Evaluating the impact of larviciding with Bti and community education and mobilization as supplementary integrated vector management interventions for malaria control in Kenya and Ethiopia

The studies were conducted from January 2013 to December 2015 simultaneously in three different geographic locations: the Nyabondo plateau in the western part of Kenya, Malindi Sub-County at the Kenyan coast, and the Tolay region in southwestern Ethiopia (Fig. 1). The three study sites were selected to enable comparisons of the likely effectiveness and impacts of IVM to be made between situations of low and moderate to high malaria prevalence, represented, respectively, by Tolay on the one hand, and Malindi and Nyabondo on the other [3, 4].

Nyabondo is a rural setting in a plateau located in Upper Nyakach Division of Kisumu County (0° 23′ S; 34° 58′ E), about 30 km northeast of Lake Victoria, at an altitude between 1520 and 1670 m above sea level. An estimated 34,000 people live in homesteads spread out in the area but administratively grouped into villages, each of up to about 200 houses. The main livelihood activities include subsistence farming, mainly of maize, small-scale livestock rearing and brick-making. Water accumulation in shallow ground pits from the brick-making activity contributes to mosquito breeding [20]. Other breeding sites commonly recorded in Nyabondo include abandoned and poorly managed fish ponds [26]. Malaria is endemic in the Lake Victoria region, with a reported average prevalence of 27% in 2015 [3]. This is the highest average parasite rate among the different malaria-endemic regions in Kenya. Malaria peak seasons follow the long and short rains but this may vary from year to year. Vectors of malaria in Nyabondo mainly belong to the species Anopheles arabiensis [20]. Local houses are constructed of mud walls, iron sheet roofs and have narrow open eaves [27].

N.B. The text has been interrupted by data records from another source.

(* Let $k\ge0$ and let $\alpha\in[0,1]^m$ be a common zero of all the polynomials $Q_\kappa=\sum_{|\mu|=k+1}A_k[\kappa,\mu]P_\mu$, $|\kappa|=k$. Then $v:=\sum_{|\nu|\le k}d_{2\nu}P_\nu(\alpha)P_\nu$ is an eigenvector of $T_k$ with eigenvalue $\sigma(\alpha)$.
   Context: Setting: $1\le m\le n/2$; $\mathcal G_{m,n}$ Grassmannian of $m$-subspaces of $\mathbb R^n$; $y_i(p,q)=\cos^2\theta_i$ for principal angles. Partitions $\kappa=(\kappa_1\ge\dots\ge\kappa_m\ge0)$, $|\kappa|=\sum\kappa_i$. $V_n^\lambda$ irreducible $O(n,\mathbb R)$-representation indexed by $\lambda$; $L^2(\mathcal G_{m,n})\cong\bigoplus_\kappa V_n^{2\kappa}$, $d_{2\kappa}=\dim V_n^{2\kappa}$. $P_\kappa$ is the zonal polynomial (symmetric in $y_1,\dots,y_m$, degree $|\kappa|$, $P_\kappa(1,\dots,1)=1$, $p\mapsto P_\kappa(y(p,q))$ in the component $\cong V_n^{2\kappa}$). $S_k$ is the space of symmetric polynomials of degree $\le k$, with orthogonal basis $(P_\kappa)_{|\kappa|\le k}$ for $[f,g]=\int_{[0,1]^m}f\bar g\,d\mu$, $d\mu=c\prod_{i<j}|y_i-y_j|\prod_iy_i^{-1/2}(1-y_i)^{n/2-m-1/2}dy_i$, $[P_\kappa,P_\kappa]=d_{2\kappa}^{-1}$. $\sigma=y_1+\dots+y_m$; $T_k(P)=\mathrm{pr}_{S_k}(\sigma P)$ on $S_k$. $A_k$ is the matrix with $\sigma\mathbb P_k=A_k\mathbb P_{k+1}+B_k\mathbb P_k+C_k\mathbb P_{k-1}$, $\mathbb P_k$ the vector of the $P_\kappa$ with $|\kappa|=k$. *)

theory Defs
  imports "HOL-Analysis.Analysis"
begin

text \<open>Points of [0,1]^m are represented as y :: nat => real, only y 0, ..., y (m-1) matter.
  Polynomials in m variables are represented by the polynomial functions they define.\<close>

definition mono_eval :: "nat \<Rightarrow> (nat \<Rightarrow> nat) \<Rightarrow> (nat \<Rightarrow> real) \<Rightarrow> real" where
  "mono_eval m e y = (\<Prod>i<m. y i ^ e i)"

definition is_poly :: "nat \<Rightarrow> nat \<Rightarrow> ((nat \<Rightarrow> real) \<Rightarrow> real) \<Rightarrow> bool" where
  "is_poly m k f \<longleftrightarrow> (\<exists>E c. finite E \<and>
      (\<forall>e\<in>E. (\<forall>i\<ge>m. e i = 0) \<and> (\<Sum>i<m. e i) \<le> k) \<and>
      f = (\<lambda>y. \<Sum>e\<in>E. c e * mono_eval m e y))"

definition symmetric_fn :: "nat \<Rightarrow> ((nat \<Rightarrow> real) \<Rightarrow> real) \<Rightarrow> bool" where
  "symmetric_fn m f \<longleftrightarrow> (\<forall>\<pi>. \<pi> permutes {..<m} \<longrightarrow> (\<forall>y. f (y \<circ> \<pi>) = f y))"

definition Sk :: "nat \<Rightarrow> nat \<Rightarrow> ((nat \<Rightarrow> real) \<Rightarrow> real) set" where
  "Sk m k = {f. is_poly m k f \<and> symmetric_fn m f}"

definition is_partition :: "nat \<Rightarrow> (nat \<Rightarrow> nat) \<Rightarrow> bool" where
  "is_partition m \<kappa> \<longleftrightarrow> (\<forall>i j. i \<le> j \<longrightarrow> \<kappa> j \<le> \<kappa> i) \<and> (\<forall>i\<ge>m. \<kappa> i = 0)"

definition psize :: "nat \<Rightarrow> (nat \<Rightarrow> nat) \<Rightarrow> nat" where
  "psize m \<kappa> = (\<Sum>i<m. \<kappa> i)"

definition parts_eq :: "nat \<Rightarrow> nat \<Rightarrow> (nat \<Rightarrow> nat) set" where
  "parts_eq m k = {\<kappa>. is_partition m \<kappa> \<and> psize m \<kappa> = k}"

definition parts_le :: "nat \<Rightarrow> nat \<Rightarrow> (nat \<Rightarrow> nat) set" where
  "parts_le m k = {\<kappa>. is_partition m \<kappa> \<and> psize m \<kappa> \<le> k}"

definition sigma :: "nat \<Rightarrow> (nat \<Rightarrow> real) \<Rightarrow> real" where
  "sigma m y = (\<Sum>i<m. y i)"

definition cube :: "nat \<Rightarrow> (nat \<Rightarrow> real) set" where
  "cube m = {y. \<forall>i<m. 0 \<le> y i \<and> y i \<le> 1}"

Malindi Sub-County is located in Kenya’s coastal area about 108 km north of Mombasa (3° 13′ S; 40° 7′ E) at an altitude of between 40 and 400 m above sea level. This study was conducted in a rural area of Malindi with approximately 50,000 people. Subsistence farming, fishing and trading are the major economic activities in this area. Malaria is one of the key causes of morbidity and mortality within the Sub-County with an average prevalence of 4–8% [3]. The main vectors of malaria in Malindi are An. arabiensis, Anopheles merus and Anopheles funestus [8]. There are two main rainy seasons in the Kenyan study areas, i.e., the long (March to June) and short (September to November) rains. Common mosquito breeding sites include shallow ponds, drainage channels and wells for domestic water use. Houses in the study area are constructed of mud walls, palm thatched roofs and have wide open eaves.

Tolay is a rural semi-arid, agro-climatic zone located in the southwestern part of Ethiopia (8° 14′ N; 37° 35′ E) at an altitude of 1100–1600 m above sea level. The community is mainly engaged in small-scale mixed agriculture and trade at village level. The major food crops in the region are maize, sorghum and teff. Malaria is unstable and seasonal, with a prevalence of about 2% or less [4]. Peak malaria transmission and epidemic season includes the period from October to November, coinciding with the peak rain season. The main vector of malaria in Tolay is An. arabiensis [21]. Common mosquito-breeding sites include semi-permanent and permanent ponds, pools at the edge of streams and drainage ditches. Most houses in Tolay are constructed of wooden walls plastered with mud and cow dung, and grass thatch or corrugated iron sheet roofs. The houses do not have open eaves.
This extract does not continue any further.